Generally, you would want to avoid computed values in the DB (from existing columns/tables), unless profiling absolutely dictates that they are necessary (i.e., the DB is underperforming or to great of a load is being placed on the server). This is even more true for formatting of the data, which should almost always be performed on the client side, instead of wasting DB server cycles.
Of course, any data that is absolutely mandatory to perform the calculations should be stored in the database.
When you speak of reducing the amount of code you need to maintain, keep in mind that the DBA needs to maintain stored-proc code and table schemas, too.
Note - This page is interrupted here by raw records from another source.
(* Let $\chi\geq 3$ and $m\geq 2$ be integers, let $T_\chi$ be any non-transitive tournament on $[\chi]$, and let $H=H(T_\chi,m)$. Let $n,t\geq 1$ be integers such that $\lfloor 3t/2\rfloor+1<n$. Then $R(P^{(3)}_{n,2},H)\geq (m-1)t+1$.
   Context: A tournament on $[\chi]$ is an orientation of the complete graph on $[\chi]$; it is transitive if acyclic. For a tournament $T_\chi$ on $[\chi]$ and $m\ge1$, $H(T_\chi,m)$ is the $3$-uniform hypergraph whose vertex set is partitioned into sets $A_1,\dots,A_\chi$ each of size $m$, with edge set $\{xyz: x,y\in A_i,\ z\in A_j,\ (i,j)\text{ an arc of }T_\chi\}$. $R(G,H)$ for 3-graphs is the least $N$ such that every red/blue colouring of the edges of $K^{(3)}_N$ contains a red copy of $G$ or a blue copy of $H$. The tight path $P^{(3)}_{n,2}$ has vertices $v_1,\dots,v_n$ and edges $\{v_i,v_{i+1},v_{i+2}\}$, $i\in[n-2]$. *)

theory Defs
  imports Main
begin

text \<open>A 3-uniform hypergraph is given as a pair (V, E) of a vertex set and a set of
  edges, each edge being a 3-element subset of V.\<close>

type_synonym 'a hgraph = "'a set \<times> 'a set set"

text \<open>A red/blue colouring of the edges of the complete 3-graph on {0..<N} is a
  function col from sets to bool (True = red, False = blue); only its values on
  3-subsets of {0..<N} matter.\<close>

definition red_copy :: "(nat set \<Rightarrow> bool) \<Rightarrow> nat \<Rightarrow> 'a hgraph \<Rightarrow> bool" where
  "red_copy col N G \<longleftrightarrow> (\<exists>f. inj_on f (fst G) \<and> f ` fst G \<subseteq> {0..<N} \<and>
      (\<forall>e\<in>snd G. col (f ` e)))"

definition blue_copy :: "(nat set \<Rightarrow> bool) \<Rightarrow> nat \<Rightarrow> 'a hgraph \<Rightarrow> bool" where
  "blue_copy col N G \<longleftrightarrow> (\<exists>f. inj_on f (fst G) \<and> f ` fst G \<subseteq> {0..<N} \<and>
      (\<forall>e\<in>snd G. \<not> col (f ` e)))"

definition ramsey3 :: "'a hgraph \<Rightarrow> 'b hgraph \<Rightarrow> nat" where
  "ramsey3 G H = (LEAST N. \<forall>col. red_copy col N G \<or> blue_copy col N H)"

definition tight_path :: "nat \<Rightarrow> nat hgraph" where
  "tight_path n = ({1..n}, {{i, i+1, i+2} | i. 1 \<le> i \<and> i + 2 \<le> n})"

definition tournament :: "nat \<Rightarrow> (nat \<times> nat) set \<Rightarrow> bool" where
  "tournament chi T \<longleftrightarrow> T \<subseteq> {1..chi} \<times> {1..chi} \<and>
     (\<forall>i\<in>{1..chi}. (i, i) \<notin> T) \<and>
     (\<forall>i\<in>{1..chi}. \<forall>j\<in>{1..chi}. i \<noteq> j \<longrightarrow> ((i, j) \<in> T \<longleftrightarrow> (j, i) \<notin> T))"

definition transitive_tournament :: "nat \<Rightarrow> (nat \<times> nat) set \<Rightarrow> bool" where
  "transitive_tournament chi T \<longleftrightarrow> tournament chi T \<and> acyclic T"

definition HT :: "(nat \<times> nat) set \<Rightarrow> nat \<Rightarrow> nat \<Rightarrow> (nat \<times> nat) hgraph" where
  "HT T chi m = ({1..chi} \<times> {0..<m},
     {{x, y, z} | x y z i j. (i, j) \<in> T \<and> i \<in> {1..chi} \<and> j \<in> {1..chi} \<and>
        x \<in> {i} \<times> {0..<m} \<and> y \<in> {i} \<times> {0..<m} \<and> x \<noteq> y \<and> z \<in> {j} \<times> {0..<m}})"

end

theory Submission
  imports Defs "HOL-Library.Ramsey"
begin
theorem lemma8:
  fixes A :: "'s::finite \<Rightarrow> real^'n^'n" and B :: "'s \<Rightarrow> real^'m^'n"
    and Q :: "'s \<Rightarrow> real^'n^'n" and R :: "'s \<Rightarrow> real^'m^'m"
    and p :: "'s \<Rightarrow> 's \<Rightarrow> real" and K K' :: "'s \<Rightarrow> real^'n^'m" and \<eta> :: real
  assumes "stochastic p"
    and "\<exists>K0. K0 \<in> stabilizing_set A B p"
    and "\<forall>i. pos_def (Q i)" and "\<forall>i. pos_def (R i)"
    and "K \<in> stabilizing_set A B p"
    and "K' = (\<lambda>i. K i - (2 * \<eta>) *\<^sub>R L_of A B Q R p K i)"
    and "0 < \<eta>"
    and "\<eta> \<le> 1 / (2 * max_norm (\<lambda>i. R i + transpose (B i) ** Emap p (P_of A B Q R p K) i ** B i))"
  shows "K' \<in> stabilizing_set A B p"
proof -
  have p: "\<forall>i j. 0 \<le> p i j" and stable: "ms_stable A B p K"
    using assms(1,5) by (simp_all add: stochastic_def stabilizing_set_def)
  define \<mu> where "\<mu> = max_norm (\<lambda>i. R i + transpose (B i) ** Emap p (P_of A B Q R p K) i ** B i)"
  have "2 * \<eta> * \<mu> \<le> 1"
  proof (cases "0 < \<mu>")
    case True
    then show ?thesis
      using assms(8) by (simp add: \<mu>_def le_divide_eq mult_ac)
  next
    case False
    then show ?thesis
      using mult_nonneg_nonpos[of "2 * \<eta>" \<mu>] assms(7) by linarith
  qed
  then have "\<forall>i u. u \<bullet> (Q i *v u) + u \<bullet> (lyap_op A B p K' (P_of A B Q R p K) i *v u)
      \<le> u \<bullet> (P_of A B Q R p K i *v u)"
    using P_of_gradient_step_decrease[OF p stable assms(3,4) _ _ assms(6)] assms(7)
    unfolding \<mu>_def by simp
  then have "ms_stable A B p K'"
    by (rule ms_stable_if_lyap_decrease[OF p P_of_psd[OF p stable assms(3,4)] assms(3)])
  then show ?thesis
    by (simp add: stabilizing_set_def)
qed

end
lemma pos_def_imp_det_pos:
  fixes M :: "real^2^2"
  assumes sym: "transpose M = M" and pd: "pos_def M"
  shows "det M > 0"
proof -
  have "0 < axis 1 1 \<bullet> (M *v axis 1 (1::real))"
    using pd unfolding pos_def_def by (simp add: axis_eq_0_iff)
  then have a: "M$1$1 > 0"
    by (simp add: inner_vec_def matrix_vector_mult_def sum_2 axis_def)
  define v :: "real^2" where "v = (\<chi> i. if i = 1 then M$1$2 else - M$1$1)"
  have v: "v$1 = M$1$2" "v$2 = - M$1$1"
    unfolding v_def by simp_all
  then have "v \<noteq> 0"
    using a by force
  then have "0 < v \<bullet> (M *v v)"
    using pd unfolding pos_def_def by blast
  also have "v \<bullet> (M *v v) = M$1$1 * det M"
    by (simp add: inner_vec_def matrix_vector_mult_def sum_2 v det_2 symmetric_2_nth[OF sym]
        algebra_simps power2_eq_square)
  finally show ?thesis
    using a by (simp add: zero_less_mult_iff)
qed

lemma pos_def_if_det_pos:
  fixes M :: "real^2^2"
  assumes sym: "transpose M = M" and tr: "trace M > 0" and det: "det M > 0"
  shows "pos_def M"
  unfolding pos_def_def
proof (intro allI impI)
  fix v :: "real^2"
  assume "v \<noteq> 0"
  define a b c where "a = M$1$1" and "b = M$1$2" and "c = M$2$2"
  have "a + c > 0" "a * c - b * b > 0"
    using tr det symmetric_2_nth[OF sym] by (simp_all add: a_def b_def c_def trace_2 det_2)
  then have "a > 0"
    by (smt (verit) mult_nonpos_nonneg zero_le_square)
  have form: "v \<bullet> (M *v v) = a * (v$1)\<^sup>2 + 2 * b * v$1 * v$2 + c * (v$2)\<^sup>2"
    by (simp add: inner_vec_def matrix_vector_mult_def sum_2 symmetric_2_nth[OF sym]
        a_def b_def c_def algebra_simps power2_eq_square)
  have "a * (v \<bullet> (M *v v)) = (a * v$1 + b * v$2)\<^sup>2 + (a * c - b * b) * (v$2)\<^sup>2"
    unfolding form by (simp add: algebra_simps power2_eq_square)
  moreover have "(a * v$1 + b * v$2)\<^sup>2 + (a * c - b * b) * (v$2)\<^sup>2 > 0"
  proof (cases "v$2 = 0")
    case True
    then have "v$1 \<noteq> 0"
      using \<open>v \<noteq> 0\<close> by (simp add: vec_eq_iff forall_2)
    then show ?thesis
      using True \<open>a > 0\<close> by simp
  next
    case False
    then show ?thesis
      using \<open>a * c - b * b > 0\<close> by (simp add: add_nonneg_pos)
  qed
  ultimately have "0 < a * (v \<bullet> (M *v v))"
    by simp
  then show "0 < v \<bullet> (M *v v)"
    using \<open>a > 0\<close> by (metis zero_less_mult_pos)
qed

text \<open>\<open>cof_pair M N = trace (adj M ** N)\<close> is the polarisation of \<open>det\<close> on 2x2 matrices, hence also
  the derivative of \<open>det\<close> at \<open>M\<close> in direction \<open>N\<close>.\<close>

definition cof_pair :: "real^2^2 \<Rightarrow> real^2^2 \<Rightarrow> real" where
  "cof_pair M N = M$2$2 * N$1$1 + M$1$1 * N$2$2 - M$1$2 * N$2$1 - M$2$1 * N$1$2"

lemma cof_pair_self: "cof_pair M M = 2 * det M"
  by (simp add: cof_pair_def det_2)

lemma cof_pair_commute: "cof_pair M N = cof_pair N M"
  by (simp add: cof_pair_def algebra_simps)

lemma cof_pair_linear_right:
  "cof_pair M (X + Y) = cof_pair M X + cof_pair M Y"
  "cof_pair M (X - Y) = cof_pair M X - cof_pair M Y"
  "cof_pair M (r *\<^sub>R X) = r * cof_pair M X"
  by (simp_all add: cof_pair_def algebra_simps)

lemma cof_pair_mat1: "cof_pair M (mat 1) = trace M"
  by (simp add: cof_pair_def trace_2 mat_def)

lemma cof_pair_mult_left: "cof_pair M (G ** M) = det M * trace G"
  by (simp add: cof_pair_def matrix_mult_2_nth det_2 trace_2 algebra_simps)

lemma cof_pair_mult_transpose: "cof_pair M (M ** transpose G) = det M * trace G"
  by (simp add: cof_pair_def matrix_mult_2_nth transpose_def det_2 trace_2 algebra_simps)

lemma has_vector_derivative_matrix_nth:
  fixes f :: "real \<Rightarrow> real^'n^'m"
  assumes "(f has_vector_derivative f') F"
  shows "((\<lambda>s. f s $ i $ j) has_real_derivative f' $ i $ j) F"
proof -
  have "bounded_linear (\<lambda>M::real^'n^'m. M $ i $ j)"
    using bounded_linear_compose[OF bounded_linear_vec_nth[of j] bounded_linear_vec_nth[of i]]
    by (simp add: o_def)
  from bounded_linear.has_vector_derivative[OF this assms] show ?thesis
    by (simp add: has_real_derivative_iff_has_vector_derivative)
qed

lemma has_vector_derivative_trace:
  fixes f :: "real \<Rightarrow> real^2^2"
  assumes "(f has_vector_derivative f') F"
  shows "((\<lambda>s. trace (f s)) has_real_derivative trace f') F"
  unfolding trace_2 by (intro Deriv.field_differentiable_add has_vector_derivative_matrix_nth[OF assms])

lemma has_vector_derivative_cof_pair:
  fixes f h :: "real \<Rightarrow> real^2^2"
  assumes f: "(f has_vector_derivative f') (at t)" and h: "(h has_vector_derivative h') (at t)"
  shows "((\<lambda>s. cof_pair (f s) (h s)) has_real_derivative cof_pair f' (h t) + cof_pair (f t) h') (at t)"
  unfolding cof_pair_def
  by (auto intro!: derivative_eq_intros has_vector_derivative_matrix_nth[OF f]
      has_vector_derivative_matrix_nth[OF h] simp: algebra_simps)

lemma has_vector_derivative_det_2:
  fixes f :: "real \<Rightarrow> real^2^2"
  assumes "(f has_vector_derivative f') (at t)"
  shows "((\<lambda>s. det (f s)) has_real_derivative cof_pair (f t) f') (at t)"
proof -
  have "((\<lambda>s. cof_pair (f s) (f s) / 2) has_real_derivative
      (cof_pair f' (f t) + cof_pair (f t) f') / 2) (at t)"
    by (intro DERIV_cdivide has_vector_derivative_cof_pair assms)
  then show ?thesis
    by (simp add: cof_pair_self cof_pair_commute[of f'])
qed

text \<open>Right-hand side of the equation for \<open>A\<close>, with \<open>G\<close> standing for \<open>\<nabla>u\<close>, \<open>M\<close> for \<open>A\<close> and \<open>L\<close> for \<open>\<Delta>A\<close>.\<close>

definition conformation_rhs ::
    "real \<Rightarrow> real \<Rightarrow> real^2^2 \<Rightarrow> real^2^2 \<Rightarrow> real^2^2 \<Rightarrow> real^2^2" where
  "conformation_rhs k \<nu> G M L =
    G ** M + M ** transpose G - (2 * ddot G M) *\<^sub>R M - (2 * k) *\<^sub>R (2 *\<^sub>R M - mat 1) + \<nu> *\<^sub>R L"

lemma trace_scaleR: "trace (r *\<^sub>R (M::real^2^2)) = r * trace M"
  by (simp add: trace_2 algebra_simps)

lemma trace_mult_symmetric:
  assumes "transpose M = M"
  shows "trace (G ** M) = ddot G M" and "trace (M ** transpose G) = ddot G M"
  using symmetric_2_nth[OF assms]
  by (simp_all add: trace_2 matrix_mult_2_nth transpose_def ddot_2 algebra_simps)

lemma trace_conformation_rhs:
  assumes "transpose M = M"
  shows "trace (conformation_rhs k \<nu> G M L) = - (2 * ddot G M + 4 * k) * (trace M - 1) + \<nu> * trace L"
proof -
  have "trace (mat 1 :: real^2^2) = 2"
    by (simp add: trace_I)
  then show ?thesis
    by (simp add: conformation_rhs_def trace_add trace_sub trace_scaleR trace_mult_symmetric[OF assms]
        algebra_simps)
qed

lemma cof_pair_conformation_rhs:
  assumes "trace G = 0"
  shows "cof_pair M (conformation_rhs k \<nu> G M L)
    = - 4 * ddot G M * det M - 2 * k * (4 * det M - trace M) + \<nu> * cof_pair M L"
  by (simp add: conformation_rhs_def cof_pair_linear_right cof_pair_mult_left
      cof_pair_mult_transpose cof_pair_self cof_pair_mat1 assms)

locale conformation_flow =
  fixes k \<nu> T :: real
    and u :: "real^2 \<Rightarrow> real \<Rightarrow> real^2"
    and A :: "real^2 \<Rightarrow> real \<Rightarrow> real^2^2"
    and Du :: "2 \<Rightarrow> real^2 \<Rightarrow> real \<Rightarrow> real^2"
    and At :: "real^2 \<Rightarrow> real \<Rightarrow> real^2^2"
    and DA :: "2 \<Rightarrow> real^2 \<Rightarrow> real \<Rightarrow> real^2^2"
    and D2A :: "2 \<Rightarrow> 2 \<Rightarrow> real^2 \<Rightarrow> real \<Rightarrow> real^2^2"
    and g :: "real \<Rightarrow> real"
  assumes k_pos: "k > 0" and nu_pos: "\<nu> > 0" and T_pos: "T > 0"
    and A_per: "\<And>t. periodic2 (\<lambda>x. A x t)"
    and A_sym: "\<And>x t. t \<in> {0..T} \<Longrightarrow> transpose (A x t) = A x t"
    and A_cont: "continuous_on (UNIV \<times> {0..T}) (\<lambda>(x, t). A x t)"
    and At_deriv: "\<And>x t. t \<in> {0<..<T} \<Longrightarrow> ((\<lambda>s. A x s) has_vector_derivative At x t) (at t)"
    and DA_deriv: "\<And>i x t. t \<in> {0<..<T} \<Longrightarrow>
        ((\<lambda>s. A (x + s *\<^sub>R axis i 1) t) has_vector_derivative DA i x t) (at 0)"
    and D2A_deriv: "\<And>i j x t. t \<in> {0<..<T} \<Longrightarrow>
        ((\<lambda>s. DA i (x + s *\<^sub>R axis j 1) t) has_vector_derivative D2A i j x t) (at 0)"
    and Du_cont: "\<And>i. continuous_on (UNIV \<times> {0<..<T}) (\<lambda>(x, t). Du i x t)"
    and div_free: "\<And>x t. t \<in> {0<..<T} \<Longrightarrow> (\<Sum>i\<in>UNIV. Du i x t $ i) = 0"
    and eqn: "\<And>x t. t \<in> {0<..<T} \<Longrightarrow>
        At x t + (\<Sum>i\<in>UNIV. u x t $ i *\<^sub>R DA i x t)
        = gradmat (\<lambda>i. Du i x t) ** A x t + A x t ** transpose (gradmat (\<lambda>i. Du i x t))
          - (2 * ddot (gradmat (\<lambda>i. Du i x t)) (A x t)) *\<^sub>R A x t
          - (2 * k) *\<^sub>R (2 *\<^sub>R A x t - mat 1)
          + \<nu> *\<^sub>R (\<Sum>i\<in>UNIV. D2A i i x t)"
    and g_integrable: "g integrable_on {0..T}"
    and g_bound: "\<And>t x. t \<in> {0<..<T} \<Longrightarrow> \<bar>ddot (gradmat (\<lambda>i. Du i x t)) (A x t)\<bar> \<le> g t"
    and init_trace: "\<And>x. trace (A x 0) = 1"
    and init_pos_def: "\<And>x. pos_def (A x 0)"
begin

definition stretch :: "real^2 \<Rightarrow> real \<Rightarrow> real" where
  "stretch x t = ddot (gradmat (\<lambda>i. Du i x t)) (A x t)"

definition G :: "real \<Rightarrow> real" where
  "G t = integral {0..t} g"

lemma G_continuous: "continuous_on {0..T} G"
  unfolding G_def by (rule indefinite_integral_continuous_1[OF g_integrable])

lemma G_0: "G 0 = 0"
  by (simp add: G_def)

lemma continuous_on_compose_A:
  assumes "continuous_on UNIV f"
  shows "continuous_on (UNIV \<times> {0..T}) (\<lambda>(x, t). f (A x t))"
  using continuous_on_compose2[OF assms A_cont] by (simp add: case_prod_beta')

lemma stretch_continuous: "continuous_on {0<..<T} (stretch x)"
proof -
  have "continuous_on {0<..<T} (A x)"
    by (rule continuous_on_subset[OF continuous_on_slice[OF A_cont]]) auto
  moreover have "continuous_on {0<..<T} (Du i x)" for i
    by (rule continuous_on_slice[OF Du_cont])
  ultimately show ?thesis
    unfolding stretch_def ddot_2 gradmat_def by (auto intro!: continuous_intros)
qed

lemma G_left_growth:
  assumes "t \<in> {0<..<T}" and "\<delta> > 0"
  shows "\<forall>\<^sub>F s in at_left t. (\<bar>stretch x t\<bar> - \<delta>) * (t - s) \<le> G t - G s"
  unfolding G_def
  by (rule integral_left_growth[OF g_integrable _ _ assms])
    (use stretch_continuous g_bound in \<open>auto intro: continuous_intros simp: stretch_def\<close>)

lemma A_line_deriv:
  assumes "t \<in> {0<..<T}"
  shows "((\<lambda>s. A (x + s *\<^sub>R axis i 1) t) has_vector_derivative DA i (x + s *\<^sub>R axis i 1) t) (at s)"
proof -
  have "((\<lambda>r. A ((x + s *\<^sub>R axis i 1) + r *\<^sub>R axis i 1) t) \<circ> (\<lambda>r. r - s)
      has_vector_derivative 1 *\<^sub>R DA i (x + s *\<^sub>R axis i 1) t) (at s)"
    by (rule vector_diff_chain_at) (auto intro!: derivative_eq_intros DA_deriv[OF assms])
  moreover have "((\<lambda>r. A ((x + s *\<^sub>R axis i 1) + r *\<^sub>R axis i 1) t) \<circ> (\<lambda>r. r - s))
      = (\<lambda>r. A (x + r *\<^sub>R axis i 1) t)"
    by (auto simp: algebra_simps)
  ultimately show ?thesis
    by simp
qed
Moving maintenance responsibilities from Developers to DBAs is not eliminating work, it is just shifting it.
Finally, database changes often cascade to many applications, whereas application changes only affect that application.
The only time I store calculated values in a database is if I need it for historical purposes. You'll see this all the time in accounting software.
For example if I'm dealing with an invoice, I will typically save the calculated invoice total because perhaps the way that total will get calculated later on will change.
I will also sometimes perform the actual calculation on the database server using views.
As with so many other things, "it depends". For your described case, I would lean towards keeping the calculation in code. If you do choose to use the database, you should use a view to dynamically calculate rather than put in a static value. The risk of changing the start time or end time and forgetting to change the duration would be too high otherwise :)
This really depends on wether you want to be pure (keep your data clean) or fast. Compute capacity on the desktop facilitates purity, high speed cores and large memory spaces make string composition for table cells possible with large data sets.
However on the phone, an iPhone 4 even, computing a single NSString for a UITableViewCell over a set of 1000 objects takes a noticeable amount of time, and this can affect your user experience.
So, tune the balance for your use case. Duration doesn't sound like it will change, so I would precalculate and store the duration AND the display string (feels aweful from the perspective of a DBA, but it will render fast on the phone).
For the interval it sounds like you actually need another entity, to relate the interval to a set of events. It would then be easy enough to pre-compute / maintain this calculation as well each time the relationship changes (i.e. you add an entity to the relationship, update the interval).